>>
definition weakly_stable' ::
  "nat \<Rightarrow> nat \<Rightarrow> (nat \<Rightarrow> nat option \<Rightarrow> nat option \<Rightarrow> bool)
     \<Rightarrow> (nat \<Rightarrow> nat option \<Rightarrow> nat option \<Rightarrow> bool) \<Rightarrow> (nat + nat \<Rightarrow> nat + nat \<Rightarrow> real) \<Rightarrow> bool" where
  "weakly_stable' n m Pa Po q \<longleftrightarrow> det_matching' n m q \<and>
     \<not> (\<exists>a\<in>agents' n m. \<exists>b\<in>agents' n m. \<exists>c\<in>objects' n m. \<exists>c'\<in>objects' n m.
          q a c' = 1 \<and> q b c = 1 \<and>
          strict (assoc_apref Pa Po a) c c' \<and> strict (assoc_opref Pa Po c) a b)"

definition ex_post_weakly_stable' ::
  "nat \<Rightarrow> nat \<Rightarrow> (nat \<Rightarrow> nat option \<Rightarrow> nat option \<Rightarrow> bool)
     \<Rightarrow> (nat \<Rightarrow> nat option \<Rightarrow> nat option \<Rightarrow> bool) \<Rightarrow> (nat + nat \<Rightarrow> nat + nat \<Rightarrow> real) \<Rightarrow> bool" where
  "ex_post_weakly_stable' n m Pa Po q \<longleftrightarrow> bistochastic' n m q \<and>
     (\<exists>(K::nat) (lam::nat \<Rightarrow> real) (Qs::nat \<Rightarrow> nat + nat \<Rightarrow> nat + nat \<Rightarrow> real).
        (\<forall>k<K. 0 < lam k \<and> weakly_stable' n m Pa Po (Qs k)) \<and>
        (\<Sum>k<K. lam k) = 1 \<and>
        (\<forall>a\<in>agents' n m. \<forall>c\<in>objects' n m. q a c = (\<Sum>k<K. lam k * Qs k a c)))"

end

theory Submission
  imports Defs
begin

text \<open>
  The map from a generalized matching to its associated matching is affine, and restricting a
  matching of the associated instance to agents \<times> objects inverts it on deterministic matchings;
  so it suffices to show that these two maps preserve weak stability of deterministic matchings.
  In the associated instance an agent i ranks \<phi>_i first among the null objects, an object o_j
  ranks d_j first among the dummies, d_j ranks o_j first and \<phi>_i ranks i first, while acceptable
  real partners beat all null ones.  Hence a blocking pair of the associated matching is either a
  real pair (i, o_j), or a pair (d_j, \<phi>_k) with d_j holding \<phi>_i and \<phi>_k held by d_j',
  which is exactly the blocking pair (k, o_j) seen through the dummies.  Conversely, a weakly
  stable deterministic matching of the associated instance restricts to an individually rational
  one, since otherwise (i, \<phi>_i) or (d_j, o_j) blocks, and to one without blocking pairs.
  Non-wastefulness appears verbatim on both sides.
\<close>

lemma sum_zero_one_eq_card:
  fixes f :: "'a \<Rightarrow> real"
  assumes "finite A" "\<forall>x\<in>A. f x = 0 \<or> f x = 1"
  shows "sum f A = real (card {x\<in>A. f x = 1})"
proof -
  have "sum f A = (\<Sum>x\<in>A. if f x = 1 then 1 else 0)"
    using assms(2) by (intro sum.cong) auto
  also have "\<dots> = real (card {x\<in>A. f x = 1})"
    using assms(1) by (simp add: sum.If_cases Int_def conj_commute)
  finally show ?thesis .
qed

lemma sum_zero_one_le_1_unique:
  fixes f :: "'a \<Rightarrow> real"
  assumes "finite A" "\<forall>x\<in>A. f x = 0 \<or> f x = 1" "sum f A \<le> 1"
    and "x \<in> A" "y \<in> A" "f x = 1" "f y = 1"
  shows "x = y"
proof -
  have "card {x\<in>A. f x = 1} \<le> 1"
    using assms(3) sum_zero_one_eq_card[OF assms(1,2)] by simp
  then show ?thesis
    using assms(4-7) by (auto simp: card_le_Suc0_iff_eq[of "{x\<in>A. f x = 1}"] assms(1))
qed

lemma sum_zero_one_le_1_cases:
  fixes f :: "'a \<Rightarrow> real"
  assumes "finite A" "\<forall>x\<in>A. f x = 0 \<or> f x = 1" "sum f A \<le> 1"
  shows "sum f A = 0 \<or> sum f A = 1"
  using assms(3) unfolding sum_zero_one_eq_card[OF assms(1,2)]
  by (cases "card {x\<in>A. f x = 1}") auto

lemma sum_zero_one_eq_1_obtain:
  fixes f :: "'a \<Rightarrow> real"
  assumes "finite A" "\<forall>x\<in>A. f x = 0 \<or> f x = 1" "sum f A = 1"
  obtains x where "x \<in> A" "f x = 1"
  using assms(3) unfolding sum_zero_one_eq_card[OF assms(1,2)]
  by (metis (mono_tags, lifting) card.empty empty_Collect_eq of_nat_0 zero_neq_one)

lemma positive_weight_le_1:
  fixes lam :: "nat \<Rightarrow> real"
  assumes "\<forall>k<K. 0 < lam k" "(\<Sum>k<K. lam k) = 1" "k < K"
  shows "lam k \<le> 1"
  using member_le_sum[of k "{..<K}" lam] assms by (simp add: less_imp_le)

lemma weak_order_on_strict_trans:
  assumes "weak_order_on A R" "x \<in> A" "y \<in> A" "z \<in> A" "strict R x y" "strict R y z"
  shows "strict R x z"
  using assms unfolding weak_order_on_def strict_def by blast

lemma general_instance_agent_order:
  "general_instance n m Pa Po \<Longrightarrow> i \<in> {1..n} \<Longrightarrow> weak_order_on (insert None (Some ` {1..m})) (Pa i)"
  unfolding general_instance_def by blast

lemma general_instance_object_order:
  "general_instance n m Pa Po \<Longrightarrow> ob \<in> {1..m} \<Longrightarrow> weak_order_on (insert None (Some ` {1..n})) (Po ob)"
  unfolding general_instance_def by blast

lemma general_instance_agent_acceptable_or_not:
  "general_instance n m Pa Po \<Longrightarrow> i \<in> {1..n} \<Longrightarrow> ob \<in> {1..m} \<Longrightarrow>
     strict (Pa i) (Some ob) None \<or> strict (Pa i) None (Some ob)"
  unfolding general_instance_def by blast

lemma general_instance_object_acceptable_or_not:
  "general_instance n m Pa Po \<Longrightarrow> ob \<in> {1..m} \<Longrightarrow> i \<in> {1..n} \<Longrightarrow>
     strict (Po ob) (Some i) None \<or> strict (Po ob) None (Some i)"
  unfolding general_instance_def by blast

lemma agents'_cases [consumes 1, case_names agent dummy]:
  assumes "a \<in> agents' n m"
  obtains (agent) i where "a = Inl i" "i \<in> {1..n}" | (dummy) j where "a = Inr j" "j \<in> {1..m}"
  using assms unfolding agents'_def by blast

lemma objects'_cases [consumes 1, case_names object null]:
  assumes "c \<in> objects' n m"
  obtains (object) ob where "c = Inl ob" "ob \<in> {1..m}" | (null) k where "c = Inr k" "k \<in> {1..n}"
  using assms unfolding objects'_def by blast

lemma mem_agents' [simp]:
  "Inl i \<in> agents' n m \<longleftrightarrow> i \<in> {1..n}" "Inr j \<in> agents' n m \<longleftrightarrow> j \<in> {1..m}"
  unfolding agents'_def by auto

lemma mem_objects' [simp]:
  "Inl ob \<in> objects' n m \<longleftrightarrow> ob \<in> {1..m}" "Inr k \<in> objects' n m \<longleftrightarrow> k \<in> {1..n}"
  unfolding objects'_def by auto

lemma finite_agents' [simp]: "finite (agents' n m)"
  unfolding agents'_def by simp

lemma finite_objects' [simp]: "finite (objects' n m)"
  unfolding objects'_def by simp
<<
Please copy each line of the material that contains the word "among".

  In the associated instance an agent i ranks \<phi>_i first among the null objects, an object o_j
  ranks d_j first among the dummies, d_j ranks o_j first and \<phi>_i ranks i first, while acceptable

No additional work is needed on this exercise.